I should also add here that the experience in the UK with the significant black markets in alcohol and tobacco should show those people that advocate the "legalize and tax the bejeesus out of it" approach that that strategy would do nothing -- or very little -- to shrink the illegal industry.
Drug decriminalization strikes me as the worst of all worlds, raising the numbers affected by problems 1 and 2 while doing nothing about 3, except possibly encouraging an increase as the illegal industry took advantage of the increased customer base. I can easily see crime rates rising to the levels of the early 90s as the industry expanded again. Indeed, this seems to be what happened in Brixton following the decriminalization experiment there. Later falls in the number of street crimes were more likely affected by the general blitz on street crime ordered by Tony Blair, which may prove very hard to sustain. The UK has, of course, chosen this route. I shall be very interested to see how things shape up over the next few years.
Finally, there is the route I prefer, which is a general strengthening of civil society leading to stronger families and stronger communities. This should reduce the equilibrium number of drug users, and so should reduce problems in all 3 categories (except possibly in 3, temporarily, as gangs fight for a smaller pool of customers).

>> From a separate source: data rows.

(* Let $d,a,b,p,p'\ge 0$ be integers and \[F=\sum_{\mu\vdash d}\{s_\mu h_a\}_{\lambda_1=p}\otimes\{s_\mu h_b\}_{\lambda_1=p'} .\] Let $\lambda^{(1)}\vdash a+d$ and $\lambda^{(2)}\vdash b+d$. If $\lambda^{(1)}_1=p$, $\lambda^{(2)}_1=p'$, and $\min\{\lambda^{(1)}_i,\lambda^{(2)}_i\}\ge\max\{\lambda^{(1)}_{i+1},\lambda^{(2)}_{i+1}\}$ for all $i\ge1$, then the coefficient of $s_{\lambda^{(1)}}\otimes s_{\lambda^{(2)}}$ in the Schur expansion of $F$ equals the coefficient of $t^{\,d-\sum_{i\ge1}\max\{\lambda^{(1)}_{i+1},\lambda^{(2)}_{i+1}\}}$ in the polynomial \[\prod_{i\ge1}\Bigl(\sum_{j=0}^{\min\{\lambda^{(1)}_i,\lambda^{(2)}_i\}-\max\{\lambda^{(1)}_{i+1},\lambda^{(2)}_{i+1}\}}t^j\Bigr).\] Otherwise this coefficient is $0$.
   Context: $\Lambda$ is the ring of symmetric functions, $s_\lambda$ the Schur functions, $h_k$ the complete homogeneous symmetric functions ($h_k=0$ for $k<0$). For $G=\sum_\lambda c_\lambda s_\lambda\in\Lambda$ and an integer $p$, the truncation $\{G\}_{\lambda_1=p}:=\sum_{\lambda:\lambda_1=p}c_\lambda s_\lambda$. Partitions are padded with zeros, so $\lambda_i=0$ for $i$ larger than the length; $t$ is a formal variable (the product is finite since almost all factors equal $1$). *)

theory Defs
  imports Main "HOL-Computational_Algebra.Polynomial"
begin
(* Let $u\in\widehat{\mathfrak{kv}}_2$, and let $f=\sum_{m\ge2}f_mx^m\in x^2k[[x]]$ be the unique series with $\mathrm{div}(u)=\mathrm{Tr}(f(x)-f(x+y)+f(y))$. Then $f$ is odd, and for each odd $m=3,5,\dots$ the map $u\mapsto f_m$ is a character of $\widehat{\mathfrak{kv}}_2$ (a linear map vanishing on $[\widehat{\mathfrak{kv}}_2,\widehat{\mathfrak{kv}}_2]$).
   Context: $k$ is a field of characteristic zero; $\mathfrak{lie}_2$, $\mathrm{Ass}_2$ are the degree completions of the free Lie and free associative algebras over $k$ on $x,y$. Each $a\in\mathrm{Ass}_2$ decomposes uniquely as $a=a_0+(\partial_xa)x+(\partial_ya)y$. $\mathfrak{tr}_n=\mathrm{Ass}_n^+/\langle ab-ba\rangle$ with projection $\mathrm{Tr}$; for $f=\sum f_mx^m$ without constant term, $\mathrm{Tr}(f(x))=\sum f_m\mathrm{Tr}(x^m)$ and similarly with $x$ replaced by $y$ or $x+y$. $\mathfrak{sder}_2$ is the Lie algebra of derivations $u$ of $\mathfrak{lie}_2$ with $u(x)=[x,a]$, $u(y)=[y,b]$ for some $a,b\in\mathfrak{lie}_2$ and $u(x+y)=0$; write $u=(a,b)$ normalized so that $a$ has no term $\lambda x$ and $b$ no term $\lambda y$. $\mathrm{div}(u)=\mathrm{Tr}(x\,\partial_xa+y\,\partial_yb)$. The differential $\delta:\mathfrak{tr}_2\to\mathfrak{tr}_3$ is $(\delta g)(x,y,z)=g(y,z)-g(x+y,z)+g(x,y+z)-g(x,y)$. $\widehat{\mathfrak{kv}}_2=\{u\in\mathfrak{sder}_2:\delta(\mathrm{div}(u))=0\}$, a Lie subalgebra; for $u$ in it there is a unique $f\in x^2k[[x]]$ as in the claim. *)

theory Defs
  imports Main
begin

datatype gen2 = X | Y
datatype gen3 = X3 | Y3 | Z3

instance gen2 :: finite
proof
  have "(UNIV :: gen2 set) = {X, Y}" using gen2.exhaust by auto
  then show "finite (UNIV :: gen2 set)" by (metis finite.emptyI finite_insert)
qed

There is some interesting evidence that drug use goes through trends, the three most recent having been heroin injecting, coke/crack and marijuana/blunts. The first two overlapped considerably, but those who use marijuana/blunts are unlikely to use heroin or crack. Two questions spring to my mind: is the current era just another fad which may be replaced by a worse drug, which may well encourage other drug use? And, what effect did the war on drugs have in seeing off the crack trend? I don’t know the answers to these questions, but am always interested in views.
Now there comes the comparison with alcohol. As Orrin Judd has mentioned recently (I can’t quite seem to find the exact source), prohibition was very like gun control, in that it attempted to restrain a very strong cultural component. As the usage figures make clear, however, drugs – even marijuana – are nowhere near as integrated into mainstream culture as alcohol and guns are. In some ways, as Norman Dennis
implies in his review of alcohol and drug use in the UK, drug use can even be thought of as an alien invader into our culture. It may be one that we adopt as part of our general culture, but I doubt it. To that extent it may remain a folly of the youth subculture – like Trotskyism – but bans on it will never be comparable to the problems that prohibition brought with it. Banning booze is like trying to ban the word “the.” Banning drugs is like trying to ban the word “ontological.”
All in all, then, I remain highly skeptical that legalization would be any better for society than the war on drugs. I am convinced that decriminalization would be worse. If a stronger civil society emerged, however, then there might be scope for limited marijuana growth and exchange as Professor Kleiman suggests. Until that day, however, people are still going to try to sell what they grow to other people who can’t be bothered or are simply not capable of it. And it is part of the weakness of our civil society that there are so many that simply can’t grow plants.